One of reactors at crippled N-plant likely damaged: Japan
Concerns over more serious contamination mounted in Japan on Friday as authorities said the core of one of the six reactors at the Fukushima nuclear plant may have damaged, a day after three workers were exposed to high radiation while trying to stabilise the crippled unit.world Updated: Mar 25, 2011 15:12 IST
Concerns over more serious contamination mounted in Japan on Friday as authorities said the core of one of the six reactors at the Fukushima nuclear plant may have damaged, a day after three workers were exposed to high radiation while trying to stabilise the crippled unit.
The radiation leak detected yesterday at the No.3 reactor indicated possible damage to the unit's vessel, pipes or valves, Japan's Nuclear and Industrial Safety Agency said, two weeks after the magnitude 9 quake and tsunami rocked the country's northeast leaving over 27,000 people dead or unaccounted for.

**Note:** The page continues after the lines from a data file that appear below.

lemma block_cover:
  fixes bb :: "nat \<Rightarrow> nat"
  assumes "strict_mono bb" "bb 0 = 0" "0 < k"
  obtains j where "bb j < k" "k \<le> bb (Suc j)"
proof -
  define j where "j = (LEAST i. k \<le> bb (Suc i))"
  have "k \<le> bb (Suc k)" using seq_suble[OF assms(1), of "Suc k"] by simp
  then have "k \<le> bb (Suc j)" unfolding j_def by (rule LeastI)
  moreover have "bb j < k"
  proof (cases j)
    case (Suc i)
    then have "\<not> k \<le> bb (Suc i)" unfolding j_def by (metis lessI not_less_Least)
    then show ?thesis using Suc by simp
  qed (use assms in simp)
  ultimately show ?thesis using that by blast
qed

lemma exists_block_sequence:
  fixes bb :: "nat \<Rightarrow> nat" and f :: "nat \<Rightarrow> nat \<Rightarrow> 'a :: zero"
  assumes "strict_mono bb"
  obtains y where "y 0 = 0" "\<And>j k. bb j < k \<Longrightarrow> k \<le> bb (Suc j) \<Longrightarrow> y k = f j k"
proof -
  define y where "y k = (if k = 0 then 0 else f (LEAST i. k \<le> bb (Suc i)) k)" for k
  have "y 0 = 0" by (simp add: y_def)
  moreover have "y k = f j k" if "bb j < k" "k \<le> bb (Suc j)" for j k
    using that block_index[OF assms that] by (simp add: y_def)
  ultimately show ?thesis by (rule that)
qed

lemma exists_block_bounds:
  fixes A :: "nat \<Rightarrow> nat" and N :: "nat \<Rightarrow> nat \<Rightarrow> nat set"
  assumes "\<And>b. b \<le> A b" "\<And>j b. finite (N j b)"
  obtains bb where "strict_mono bb" "bb 0 = 0" "\<And>j. A (bb j) < bb (Suc j)"
    "\<And>j n. n \<in> N j (bb j) \<Longrightarrow> n < bb (Suc j)"
proof -
  define bb where "bb = rec_nat 0 (\<lambda>j b. Suc (max (Max (insert 0 (N j b))) (A b)))"
  have bbS: "bb (Suc j) = Suc (max (Max (insert 0 (N j (bb j)))) (A (bb j)))" for j
    by (simp add: bb_def)
  have A_less: "A (bb j) < bb (Suc j)" for j by (simp add: bbS)
  then have mono: "strict_mono bb" unfolding strict_mono_Suc_iff using assms(1) le_less_trans by blast
  have N_less: "n < bb (Suc j)" if "n \<in> N j (bb j)" for j n
  proof -
    have "n \<le> Max (insert 0 (N j (bb j)))" using that assms(2) by (intro Max_ge) auto
    then show ?thesis by (simp add: bbS)
  qed
  have "bb 0 = 0" by (simp add: bb_def)
  from mono this A_less N_less show ?thesis by (rule that)
qed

"At present, our monitoring data suggest the (No.3) reactor retains certain containment functions, but there is a good chance that the reactor has been damaged," Hidehiko Nishiyama, spokesman for the agency, told a press conference.
Three workers at the No.3 reactor's turbine building were yesterday exposed to the water containing radioactive materials 10,000 times the normal level, with two of them hospitalised with possible radiation burns to their feet.
Nishiyama said the high-level radiation is suspected to have originated from the reactor where overheating fuel rods are believed to have been partially melted, or a boiling pool that stores spent nuclear fuel, both of which are located in the same building.
Following the incident, the nuclear agency ordered the Tokyo Electric Power Company (TEPCO), the operator the nuclear plant, to improve radiation management at the crisis-hit facility. TEPCO has already begun removing the highly radioactive water from the site.
Nishiyama said that further verification is needed to find out how the radioactive water reached the underground site. Tonnes of water had been poured into the reactor and in its pool, which was substantially damaged by a hydrogen blast on March 14.
The government, which had earlier designated areas within a 20 km radius of the Fukushima plant as exclusion zone, today encouraged residents within a 30 km radius of the nuclear power station to leave voluntarily, as the release of radioactive materials is expected to continue for some time.
Though the restoration work at the troubled plant was disrupted due to the radiation exposure incident yesterday, TEPCO today prepared to inject fresh water into the No.1, No.2, No.3 and No.4 reactor cores and spent fuel pools, instead of seawater which is being currently used.
Authorities wanted to replace sea water with fresh water as crystallised salt could form a crust on the fuel rods and prevent smooth water circulation, thus diminishing the cooling effect.
Defence Minister Toshimi Kitazawa said that US forces in Japan will offer fresh water to be sprayed at the reactor cores and the fuel pools to ensure ample water supply. TEPCO currently uses fresh water from a dam near the plant.